| SUPPLIED RECORDS |
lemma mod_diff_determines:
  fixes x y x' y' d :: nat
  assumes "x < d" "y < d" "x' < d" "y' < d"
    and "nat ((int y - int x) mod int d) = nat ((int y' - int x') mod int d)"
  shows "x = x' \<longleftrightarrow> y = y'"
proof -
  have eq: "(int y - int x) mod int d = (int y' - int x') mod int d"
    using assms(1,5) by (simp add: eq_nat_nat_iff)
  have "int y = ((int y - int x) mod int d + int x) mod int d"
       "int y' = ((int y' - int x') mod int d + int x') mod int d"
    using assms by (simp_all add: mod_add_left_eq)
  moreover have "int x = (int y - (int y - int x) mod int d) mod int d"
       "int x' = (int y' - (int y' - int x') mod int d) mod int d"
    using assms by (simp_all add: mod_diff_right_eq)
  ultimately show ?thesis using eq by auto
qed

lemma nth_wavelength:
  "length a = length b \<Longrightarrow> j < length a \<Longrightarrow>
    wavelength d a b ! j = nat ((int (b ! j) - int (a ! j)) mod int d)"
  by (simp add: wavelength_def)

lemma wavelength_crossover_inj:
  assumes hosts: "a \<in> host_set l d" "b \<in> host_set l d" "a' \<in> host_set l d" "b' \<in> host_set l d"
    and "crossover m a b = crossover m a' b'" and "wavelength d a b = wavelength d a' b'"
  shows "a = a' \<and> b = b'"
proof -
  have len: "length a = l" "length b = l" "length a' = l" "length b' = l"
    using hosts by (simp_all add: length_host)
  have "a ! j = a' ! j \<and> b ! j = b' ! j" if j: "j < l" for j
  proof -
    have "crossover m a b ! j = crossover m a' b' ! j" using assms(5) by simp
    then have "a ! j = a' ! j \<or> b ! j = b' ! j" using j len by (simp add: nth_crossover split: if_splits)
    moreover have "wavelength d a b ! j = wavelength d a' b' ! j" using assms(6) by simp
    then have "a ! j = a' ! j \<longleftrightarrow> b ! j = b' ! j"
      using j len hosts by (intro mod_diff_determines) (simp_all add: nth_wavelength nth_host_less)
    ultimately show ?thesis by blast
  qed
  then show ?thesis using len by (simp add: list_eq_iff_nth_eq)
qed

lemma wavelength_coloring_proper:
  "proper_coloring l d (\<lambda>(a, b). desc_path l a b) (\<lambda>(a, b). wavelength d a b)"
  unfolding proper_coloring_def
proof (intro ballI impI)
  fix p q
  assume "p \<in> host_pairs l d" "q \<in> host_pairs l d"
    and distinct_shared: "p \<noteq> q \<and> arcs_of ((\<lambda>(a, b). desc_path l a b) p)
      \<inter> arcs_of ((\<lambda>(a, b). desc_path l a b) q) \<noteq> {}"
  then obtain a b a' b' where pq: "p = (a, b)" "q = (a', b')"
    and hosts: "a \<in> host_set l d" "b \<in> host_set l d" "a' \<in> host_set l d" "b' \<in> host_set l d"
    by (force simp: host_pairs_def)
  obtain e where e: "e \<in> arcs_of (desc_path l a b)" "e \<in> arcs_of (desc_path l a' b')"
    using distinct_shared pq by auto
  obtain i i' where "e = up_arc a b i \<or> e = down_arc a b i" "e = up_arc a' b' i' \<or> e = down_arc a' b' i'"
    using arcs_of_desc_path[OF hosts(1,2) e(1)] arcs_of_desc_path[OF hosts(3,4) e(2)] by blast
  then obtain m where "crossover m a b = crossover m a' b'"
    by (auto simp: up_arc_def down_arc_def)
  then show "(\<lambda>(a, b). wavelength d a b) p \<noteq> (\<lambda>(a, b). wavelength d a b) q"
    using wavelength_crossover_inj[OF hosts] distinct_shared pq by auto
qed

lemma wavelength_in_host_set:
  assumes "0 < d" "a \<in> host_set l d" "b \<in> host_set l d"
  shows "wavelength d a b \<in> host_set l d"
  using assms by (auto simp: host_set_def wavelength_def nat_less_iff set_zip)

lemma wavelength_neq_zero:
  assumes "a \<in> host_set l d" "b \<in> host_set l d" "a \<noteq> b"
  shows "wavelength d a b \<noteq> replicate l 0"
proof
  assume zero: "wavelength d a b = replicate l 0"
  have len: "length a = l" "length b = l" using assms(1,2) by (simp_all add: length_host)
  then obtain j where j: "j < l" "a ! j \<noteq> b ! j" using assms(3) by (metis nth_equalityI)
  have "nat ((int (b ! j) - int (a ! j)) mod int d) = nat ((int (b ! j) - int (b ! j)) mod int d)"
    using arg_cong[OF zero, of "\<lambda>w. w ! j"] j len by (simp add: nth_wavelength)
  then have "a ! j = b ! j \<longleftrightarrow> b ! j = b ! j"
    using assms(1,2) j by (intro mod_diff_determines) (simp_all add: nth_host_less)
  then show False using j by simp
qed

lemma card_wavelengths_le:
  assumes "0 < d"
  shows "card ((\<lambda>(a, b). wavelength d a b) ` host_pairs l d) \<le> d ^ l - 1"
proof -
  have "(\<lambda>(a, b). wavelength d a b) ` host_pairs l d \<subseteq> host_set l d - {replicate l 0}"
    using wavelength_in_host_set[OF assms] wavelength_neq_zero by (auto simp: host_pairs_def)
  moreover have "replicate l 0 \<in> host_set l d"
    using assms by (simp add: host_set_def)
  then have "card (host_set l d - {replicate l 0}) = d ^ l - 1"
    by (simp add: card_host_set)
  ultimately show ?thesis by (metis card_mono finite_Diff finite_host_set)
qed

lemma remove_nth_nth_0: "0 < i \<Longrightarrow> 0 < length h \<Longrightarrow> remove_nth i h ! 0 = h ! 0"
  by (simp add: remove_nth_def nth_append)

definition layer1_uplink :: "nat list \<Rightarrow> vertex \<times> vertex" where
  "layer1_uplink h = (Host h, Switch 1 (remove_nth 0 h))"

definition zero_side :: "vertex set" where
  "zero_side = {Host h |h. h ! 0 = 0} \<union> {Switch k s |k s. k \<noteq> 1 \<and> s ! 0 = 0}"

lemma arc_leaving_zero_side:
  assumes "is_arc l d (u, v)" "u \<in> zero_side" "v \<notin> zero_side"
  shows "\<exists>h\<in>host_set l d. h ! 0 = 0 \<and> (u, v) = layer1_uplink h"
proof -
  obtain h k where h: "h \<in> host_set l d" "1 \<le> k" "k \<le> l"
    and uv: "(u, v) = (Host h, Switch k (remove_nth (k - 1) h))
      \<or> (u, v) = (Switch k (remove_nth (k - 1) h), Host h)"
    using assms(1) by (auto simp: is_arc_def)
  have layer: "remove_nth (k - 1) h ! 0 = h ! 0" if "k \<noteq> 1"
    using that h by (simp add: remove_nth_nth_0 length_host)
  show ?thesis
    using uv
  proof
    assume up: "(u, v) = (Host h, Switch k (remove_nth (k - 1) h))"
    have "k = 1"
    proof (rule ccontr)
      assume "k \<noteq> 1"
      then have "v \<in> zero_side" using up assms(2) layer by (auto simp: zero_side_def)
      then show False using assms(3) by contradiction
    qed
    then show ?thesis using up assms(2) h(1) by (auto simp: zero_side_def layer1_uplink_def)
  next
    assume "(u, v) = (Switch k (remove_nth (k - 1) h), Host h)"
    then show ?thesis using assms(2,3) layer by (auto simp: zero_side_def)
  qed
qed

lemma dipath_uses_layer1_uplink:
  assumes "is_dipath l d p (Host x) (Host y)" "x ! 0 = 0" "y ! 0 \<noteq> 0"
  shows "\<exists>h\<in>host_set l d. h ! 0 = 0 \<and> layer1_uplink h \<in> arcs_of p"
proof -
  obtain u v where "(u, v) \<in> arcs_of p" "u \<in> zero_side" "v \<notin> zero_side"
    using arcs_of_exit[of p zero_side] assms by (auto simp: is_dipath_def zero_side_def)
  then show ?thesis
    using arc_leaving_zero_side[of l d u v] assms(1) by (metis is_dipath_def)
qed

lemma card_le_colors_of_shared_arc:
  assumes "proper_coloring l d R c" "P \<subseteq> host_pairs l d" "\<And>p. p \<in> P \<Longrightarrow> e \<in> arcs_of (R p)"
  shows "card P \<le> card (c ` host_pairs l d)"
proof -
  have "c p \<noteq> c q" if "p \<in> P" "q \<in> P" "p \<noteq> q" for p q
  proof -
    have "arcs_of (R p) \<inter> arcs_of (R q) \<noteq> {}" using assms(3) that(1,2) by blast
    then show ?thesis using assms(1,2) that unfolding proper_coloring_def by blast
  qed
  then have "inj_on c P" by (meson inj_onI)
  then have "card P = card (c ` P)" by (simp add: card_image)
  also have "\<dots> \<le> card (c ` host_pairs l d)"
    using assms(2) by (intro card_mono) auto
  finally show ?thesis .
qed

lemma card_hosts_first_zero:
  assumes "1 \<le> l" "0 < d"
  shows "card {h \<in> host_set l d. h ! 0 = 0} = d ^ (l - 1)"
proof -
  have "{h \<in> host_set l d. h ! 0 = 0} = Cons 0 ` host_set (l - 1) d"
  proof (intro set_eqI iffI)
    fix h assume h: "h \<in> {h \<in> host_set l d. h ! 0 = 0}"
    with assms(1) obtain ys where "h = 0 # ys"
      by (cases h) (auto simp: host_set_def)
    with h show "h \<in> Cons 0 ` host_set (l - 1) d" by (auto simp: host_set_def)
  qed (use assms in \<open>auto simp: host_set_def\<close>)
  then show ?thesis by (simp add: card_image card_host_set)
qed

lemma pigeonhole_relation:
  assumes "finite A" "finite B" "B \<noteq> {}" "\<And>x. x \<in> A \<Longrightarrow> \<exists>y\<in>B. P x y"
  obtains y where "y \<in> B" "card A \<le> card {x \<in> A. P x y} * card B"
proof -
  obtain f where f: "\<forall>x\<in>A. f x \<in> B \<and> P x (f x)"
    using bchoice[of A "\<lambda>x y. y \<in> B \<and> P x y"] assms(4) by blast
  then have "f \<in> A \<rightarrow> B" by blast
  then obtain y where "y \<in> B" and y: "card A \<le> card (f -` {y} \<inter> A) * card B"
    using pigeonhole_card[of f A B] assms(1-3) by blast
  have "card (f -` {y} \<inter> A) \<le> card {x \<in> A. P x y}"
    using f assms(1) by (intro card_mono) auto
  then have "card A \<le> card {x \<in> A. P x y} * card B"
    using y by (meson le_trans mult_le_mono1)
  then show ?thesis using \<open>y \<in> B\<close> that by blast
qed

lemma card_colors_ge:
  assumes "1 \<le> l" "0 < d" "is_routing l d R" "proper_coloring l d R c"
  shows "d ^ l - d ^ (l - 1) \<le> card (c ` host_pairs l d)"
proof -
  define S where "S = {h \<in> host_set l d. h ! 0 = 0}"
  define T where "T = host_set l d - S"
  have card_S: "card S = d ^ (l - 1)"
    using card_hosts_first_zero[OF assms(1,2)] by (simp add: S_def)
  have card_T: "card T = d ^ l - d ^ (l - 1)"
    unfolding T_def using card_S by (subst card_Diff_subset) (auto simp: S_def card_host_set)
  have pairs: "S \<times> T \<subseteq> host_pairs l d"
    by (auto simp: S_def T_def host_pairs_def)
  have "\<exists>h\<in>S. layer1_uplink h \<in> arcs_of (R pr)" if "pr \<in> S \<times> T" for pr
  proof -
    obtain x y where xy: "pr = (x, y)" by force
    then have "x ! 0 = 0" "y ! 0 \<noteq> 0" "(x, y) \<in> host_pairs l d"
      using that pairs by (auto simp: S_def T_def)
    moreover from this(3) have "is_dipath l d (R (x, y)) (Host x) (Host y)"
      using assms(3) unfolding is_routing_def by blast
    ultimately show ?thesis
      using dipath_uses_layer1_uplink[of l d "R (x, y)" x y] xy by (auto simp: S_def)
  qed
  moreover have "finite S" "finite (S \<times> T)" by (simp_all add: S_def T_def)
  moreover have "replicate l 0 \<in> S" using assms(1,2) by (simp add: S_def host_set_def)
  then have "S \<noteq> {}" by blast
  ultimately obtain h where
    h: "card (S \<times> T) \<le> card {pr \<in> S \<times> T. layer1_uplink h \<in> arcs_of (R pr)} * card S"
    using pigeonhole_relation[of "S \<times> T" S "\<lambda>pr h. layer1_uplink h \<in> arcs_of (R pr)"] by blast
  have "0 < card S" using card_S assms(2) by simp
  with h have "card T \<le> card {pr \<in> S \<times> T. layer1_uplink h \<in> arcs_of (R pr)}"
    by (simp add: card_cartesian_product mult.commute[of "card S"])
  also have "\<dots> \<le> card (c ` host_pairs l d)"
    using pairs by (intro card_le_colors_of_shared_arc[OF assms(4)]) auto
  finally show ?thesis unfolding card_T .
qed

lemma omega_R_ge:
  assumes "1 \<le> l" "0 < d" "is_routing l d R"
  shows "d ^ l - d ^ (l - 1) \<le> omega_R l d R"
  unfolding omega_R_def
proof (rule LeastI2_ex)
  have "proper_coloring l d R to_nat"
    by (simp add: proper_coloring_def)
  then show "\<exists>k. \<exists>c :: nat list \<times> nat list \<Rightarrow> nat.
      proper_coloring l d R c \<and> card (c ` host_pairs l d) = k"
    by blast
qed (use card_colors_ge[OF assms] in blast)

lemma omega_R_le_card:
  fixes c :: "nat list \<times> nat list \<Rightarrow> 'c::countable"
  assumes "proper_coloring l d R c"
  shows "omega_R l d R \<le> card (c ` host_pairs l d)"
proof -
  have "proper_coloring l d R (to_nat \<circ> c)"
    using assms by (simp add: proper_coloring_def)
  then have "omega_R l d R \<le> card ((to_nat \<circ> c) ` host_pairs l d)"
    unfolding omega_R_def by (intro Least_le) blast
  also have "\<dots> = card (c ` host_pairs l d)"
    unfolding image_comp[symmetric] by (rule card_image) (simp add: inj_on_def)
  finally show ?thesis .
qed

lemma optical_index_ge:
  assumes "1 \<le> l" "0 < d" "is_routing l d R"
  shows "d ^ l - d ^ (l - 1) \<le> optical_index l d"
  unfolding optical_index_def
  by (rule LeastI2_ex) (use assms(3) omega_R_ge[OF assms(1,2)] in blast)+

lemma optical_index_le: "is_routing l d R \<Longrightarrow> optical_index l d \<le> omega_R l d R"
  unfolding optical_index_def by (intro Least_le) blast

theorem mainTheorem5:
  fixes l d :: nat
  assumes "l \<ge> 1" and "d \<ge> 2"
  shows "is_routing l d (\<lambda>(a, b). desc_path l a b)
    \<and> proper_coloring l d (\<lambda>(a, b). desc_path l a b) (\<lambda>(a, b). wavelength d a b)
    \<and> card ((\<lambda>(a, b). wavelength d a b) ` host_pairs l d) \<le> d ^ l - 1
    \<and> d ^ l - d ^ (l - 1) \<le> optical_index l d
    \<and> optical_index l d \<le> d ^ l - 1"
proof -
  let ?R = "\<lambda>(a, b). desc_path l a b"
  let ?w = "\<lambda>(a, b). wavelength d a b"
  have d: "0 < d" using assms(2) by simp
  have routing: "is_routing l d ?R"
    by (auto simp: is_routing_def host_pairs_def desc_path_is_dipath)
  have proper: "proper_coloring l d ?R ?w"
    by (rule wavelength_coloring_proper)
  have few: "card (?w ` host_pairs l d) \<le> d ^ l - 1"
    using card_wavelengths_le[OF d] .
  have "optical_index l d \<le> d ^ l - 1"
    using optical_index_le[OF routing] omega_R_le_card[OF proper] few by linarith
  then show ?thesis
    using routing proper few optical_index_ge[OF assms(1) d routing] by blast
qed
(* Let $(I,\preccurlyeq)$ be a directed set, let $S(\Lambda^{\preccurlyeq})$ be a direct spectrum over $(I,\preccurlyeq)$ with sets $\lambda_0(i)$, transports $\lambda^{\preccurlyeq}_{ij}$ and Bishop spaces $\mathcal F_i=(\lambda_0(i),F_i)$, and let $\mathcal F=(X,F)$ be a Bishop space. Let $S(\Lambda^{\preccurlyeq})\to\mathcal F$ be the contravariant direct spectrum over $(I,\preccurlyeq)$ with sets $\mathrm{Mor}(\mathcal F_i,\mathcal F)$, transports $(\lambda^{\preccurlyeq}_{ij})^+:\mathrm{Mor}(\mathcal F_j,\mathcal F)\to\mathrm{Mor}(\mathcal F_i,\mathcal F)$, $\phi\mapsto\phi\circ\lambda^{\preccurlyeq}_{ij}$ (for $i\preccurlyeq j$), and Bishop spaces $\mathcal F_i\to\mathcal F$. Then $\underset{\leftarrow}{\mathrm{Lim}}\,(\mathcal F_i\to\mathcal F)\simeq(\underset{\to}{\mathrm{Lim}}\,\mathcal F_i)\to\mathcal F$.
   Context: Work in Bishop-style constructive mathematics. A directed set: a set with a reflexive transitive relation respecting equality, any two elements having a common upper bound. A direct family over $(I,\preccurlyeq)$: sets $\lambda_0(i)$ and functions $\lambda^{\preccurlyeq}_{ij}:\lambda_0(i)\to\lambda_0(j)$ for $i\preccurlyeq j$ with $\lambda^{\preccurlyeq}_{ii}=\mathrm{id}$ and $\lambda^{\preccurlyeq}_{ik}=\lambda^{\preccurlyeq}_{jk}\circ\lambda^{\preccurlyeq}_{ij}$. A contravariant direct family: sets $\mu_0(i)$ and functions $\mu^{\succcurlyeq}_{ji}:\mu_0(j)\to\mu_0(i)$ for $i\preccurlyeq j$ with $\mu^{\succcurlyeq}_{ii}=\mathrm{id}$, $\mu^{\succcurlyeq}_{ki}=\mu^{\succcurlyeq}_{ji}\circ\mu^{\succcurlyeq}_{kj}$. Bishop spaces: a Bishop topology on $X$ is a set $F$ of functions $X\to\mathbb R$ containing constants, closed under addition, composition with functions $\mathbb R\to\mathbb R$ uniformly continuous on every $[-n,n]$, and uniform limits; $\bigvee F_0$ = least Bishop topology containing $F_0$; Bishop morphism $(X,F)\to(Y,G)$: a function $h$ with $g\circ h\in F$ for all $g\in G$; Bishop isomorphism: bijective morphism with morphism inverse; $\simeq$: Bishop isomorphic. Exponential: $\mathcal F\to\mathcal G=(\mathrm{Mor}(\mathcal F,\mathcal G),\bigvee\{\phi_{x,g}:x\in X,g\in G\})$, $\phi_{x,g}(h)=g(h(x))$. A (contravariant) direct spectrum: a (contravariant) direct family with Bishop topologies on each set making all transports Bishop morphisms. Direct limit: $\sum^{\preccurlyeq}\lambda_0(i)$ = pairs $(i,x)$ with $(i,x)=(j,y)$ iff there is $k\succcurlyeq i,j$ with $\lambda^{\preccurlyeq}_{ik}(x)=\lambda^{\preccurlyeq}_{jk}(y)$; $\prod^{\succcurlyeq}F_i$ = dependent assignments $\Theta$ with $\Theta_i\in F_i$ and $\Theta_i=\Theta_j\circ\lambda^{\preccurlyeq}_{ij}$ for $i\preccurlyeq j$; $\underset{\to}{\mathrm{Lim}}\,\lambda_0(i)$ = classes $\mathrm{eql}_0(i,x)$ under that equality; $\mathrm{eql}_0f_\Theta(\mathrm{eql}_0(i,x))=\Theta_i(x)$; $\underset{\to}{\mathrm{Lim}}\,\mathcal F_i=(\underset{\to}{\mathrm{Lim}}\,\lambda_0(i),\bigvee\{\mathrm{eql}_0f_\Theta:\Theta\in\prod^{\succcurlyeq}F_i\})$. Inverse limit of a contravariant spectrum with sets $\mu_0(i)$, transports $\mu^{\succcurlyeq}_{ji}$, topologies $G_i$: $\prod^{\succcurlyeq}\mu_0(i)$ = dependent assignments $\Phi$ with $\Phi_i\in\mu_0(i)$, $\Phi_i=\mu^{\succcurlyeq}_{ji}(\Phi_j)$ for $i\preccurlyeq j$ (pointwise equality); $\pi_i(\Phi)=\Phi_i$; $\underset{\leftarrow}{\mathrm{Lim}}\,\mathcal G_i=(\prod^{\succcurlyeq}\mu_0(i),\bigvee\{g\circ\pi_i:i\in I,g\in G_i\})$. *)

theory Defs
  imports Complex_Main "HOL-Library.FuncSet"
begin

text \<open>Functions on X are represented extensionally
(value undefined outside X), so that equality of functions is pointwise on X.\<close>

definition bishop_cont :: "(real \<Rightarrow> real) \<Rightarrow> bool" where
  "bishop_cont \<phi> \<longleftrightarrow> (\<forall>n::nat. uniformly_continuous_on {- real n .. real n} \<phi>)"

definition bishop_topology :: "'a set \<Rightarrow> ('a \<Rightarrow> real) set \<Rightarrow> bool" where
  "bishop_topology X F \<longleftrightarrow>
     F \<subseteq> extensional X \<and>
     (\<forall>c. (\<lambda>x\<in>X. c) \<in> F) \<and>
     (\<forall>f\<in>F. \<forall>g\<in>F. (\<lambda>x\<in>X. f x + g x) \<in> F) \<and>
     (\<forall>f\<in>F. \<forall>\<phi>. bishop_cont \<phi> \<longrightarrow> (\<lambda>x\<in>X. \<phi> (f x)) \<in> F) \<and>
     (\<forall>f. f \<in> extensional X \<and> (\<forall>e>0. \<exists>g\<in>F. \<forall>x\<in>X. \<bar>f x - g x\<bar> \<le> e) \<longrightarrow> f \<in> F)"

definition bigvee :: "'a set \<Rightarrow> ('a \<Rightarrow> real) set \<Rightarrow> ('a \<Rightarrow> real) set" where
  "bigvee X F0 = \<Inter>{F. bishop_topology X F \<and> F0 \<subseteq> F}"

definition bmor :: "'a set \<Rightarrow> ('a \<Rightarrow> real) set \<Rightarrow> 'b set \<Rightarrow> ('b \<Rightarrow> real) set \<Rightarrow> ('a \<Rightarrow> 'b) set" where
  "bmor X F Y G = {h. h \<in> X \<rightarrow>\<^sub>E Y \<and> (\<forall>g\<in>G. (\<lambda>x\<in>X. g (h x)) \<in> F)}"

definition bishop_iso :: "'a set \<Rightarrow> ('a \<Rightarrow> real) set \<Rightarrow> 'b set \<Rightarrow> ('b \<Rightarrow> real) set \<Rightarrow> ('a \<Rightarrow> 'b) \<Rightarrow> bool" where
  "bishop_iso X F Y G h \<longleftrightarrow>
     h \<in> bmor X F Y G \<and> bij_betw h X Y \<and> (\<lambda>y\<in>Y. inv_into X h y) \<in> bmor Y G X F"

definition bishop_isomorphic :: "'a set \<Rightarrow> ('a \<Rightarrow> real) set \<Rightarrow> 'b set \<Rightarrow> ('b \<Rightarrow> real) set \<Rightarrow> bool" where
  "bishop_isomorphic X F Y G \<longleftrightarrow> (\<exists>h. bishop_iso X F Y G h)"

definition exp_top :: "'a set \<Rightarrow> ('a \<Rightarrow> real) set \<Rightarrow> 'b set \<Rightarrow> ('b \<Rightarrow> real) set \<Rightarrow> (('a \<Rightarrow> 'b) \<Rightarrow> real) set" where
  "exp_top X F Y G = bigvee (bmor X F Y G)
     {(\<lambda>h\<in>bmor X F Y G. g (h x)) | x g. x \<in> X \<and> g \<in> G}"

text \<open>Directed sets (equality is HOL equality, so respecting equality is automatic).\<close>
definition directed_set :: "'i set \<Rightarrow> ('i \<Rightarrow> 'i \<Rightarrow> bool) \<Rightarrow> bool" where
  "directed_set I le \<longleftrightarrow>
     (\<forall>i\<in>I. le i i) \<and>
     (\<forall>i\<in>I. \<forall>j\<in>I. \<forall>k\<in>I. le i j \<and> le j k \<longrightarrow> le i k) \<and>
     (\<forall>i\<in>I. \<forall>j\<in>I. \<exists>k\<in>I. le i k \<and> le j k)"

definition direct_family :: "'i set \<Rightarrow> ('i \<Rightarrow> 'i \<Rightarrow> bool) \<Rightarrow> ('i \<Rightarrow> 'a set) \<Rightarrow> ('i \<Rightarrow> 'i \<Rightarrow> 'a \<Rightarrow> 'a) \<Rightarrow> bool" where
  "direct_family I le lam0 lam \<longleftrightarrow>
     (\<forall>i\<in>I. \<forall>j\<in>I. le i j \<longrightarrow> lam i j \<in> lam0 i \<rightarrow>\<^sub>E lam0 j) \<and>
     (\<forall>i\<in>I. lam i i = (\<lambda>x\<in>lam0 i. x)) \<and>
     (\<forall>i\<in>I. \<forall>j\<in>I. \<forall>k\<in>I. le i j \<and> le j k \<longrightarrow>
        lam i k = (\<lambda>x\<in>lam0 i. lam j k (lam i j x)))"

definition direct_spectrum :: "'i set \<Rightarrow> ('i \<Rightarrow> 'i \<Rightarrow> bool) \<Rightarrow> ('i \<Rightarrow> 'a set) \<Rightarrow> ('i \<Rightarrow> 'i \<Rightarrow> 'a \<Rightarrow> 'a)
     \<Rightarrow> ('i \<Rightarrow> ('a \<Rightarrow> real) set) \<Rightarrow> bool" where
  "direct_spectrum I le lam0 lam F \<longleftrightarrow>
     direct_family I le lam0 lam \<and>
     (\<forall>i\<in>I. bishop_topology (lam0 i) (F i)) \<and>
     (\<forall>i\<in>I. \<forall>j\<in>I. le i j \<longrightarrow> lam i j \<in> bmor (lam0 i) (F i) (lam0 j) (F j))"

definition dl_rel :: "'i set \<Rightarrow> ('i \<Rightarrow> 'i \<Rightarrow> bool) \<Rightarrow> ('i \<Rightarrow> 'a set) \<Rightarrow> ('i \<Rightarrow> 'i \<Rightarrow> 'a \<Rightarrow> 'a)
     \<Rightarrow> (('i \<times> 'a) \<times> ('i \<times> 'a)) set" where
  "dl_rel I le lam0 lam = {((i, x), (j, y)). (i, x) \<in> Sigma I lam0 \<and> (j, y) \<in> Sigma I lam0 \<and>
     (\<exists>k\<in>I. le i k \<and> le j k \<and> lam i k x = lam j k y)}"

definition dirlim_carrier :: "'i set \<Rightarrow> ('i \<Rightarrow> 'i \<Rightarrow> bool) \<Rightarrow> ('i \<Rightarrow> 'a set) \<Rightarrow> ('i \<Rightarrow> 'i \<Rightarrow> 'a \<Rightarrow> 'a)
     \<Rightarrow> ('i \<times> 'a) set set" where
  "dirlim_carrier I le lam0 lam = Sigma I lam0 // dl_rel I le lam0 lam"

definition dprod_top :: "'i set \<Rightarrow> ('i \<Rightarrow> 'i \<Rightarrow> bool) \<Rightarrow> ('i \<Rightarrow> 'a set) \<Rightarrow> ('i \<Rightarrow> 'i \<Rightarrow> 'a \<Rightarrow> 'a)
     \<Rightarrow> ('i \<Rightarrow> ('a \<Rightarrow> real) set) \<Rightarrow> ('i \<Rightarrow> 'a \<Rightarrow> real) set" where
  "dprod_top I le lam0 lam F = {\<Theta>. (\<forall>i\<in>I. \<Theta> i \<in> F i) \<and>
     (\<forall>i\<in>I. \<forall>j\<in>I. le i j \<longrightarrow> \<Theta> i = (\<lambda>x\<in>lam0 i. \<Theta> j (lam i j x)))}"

| ACTIVITY |
Nothing but a number is expected here: how many lines above include the string "Sigma".

| ANSWER SPACE |
2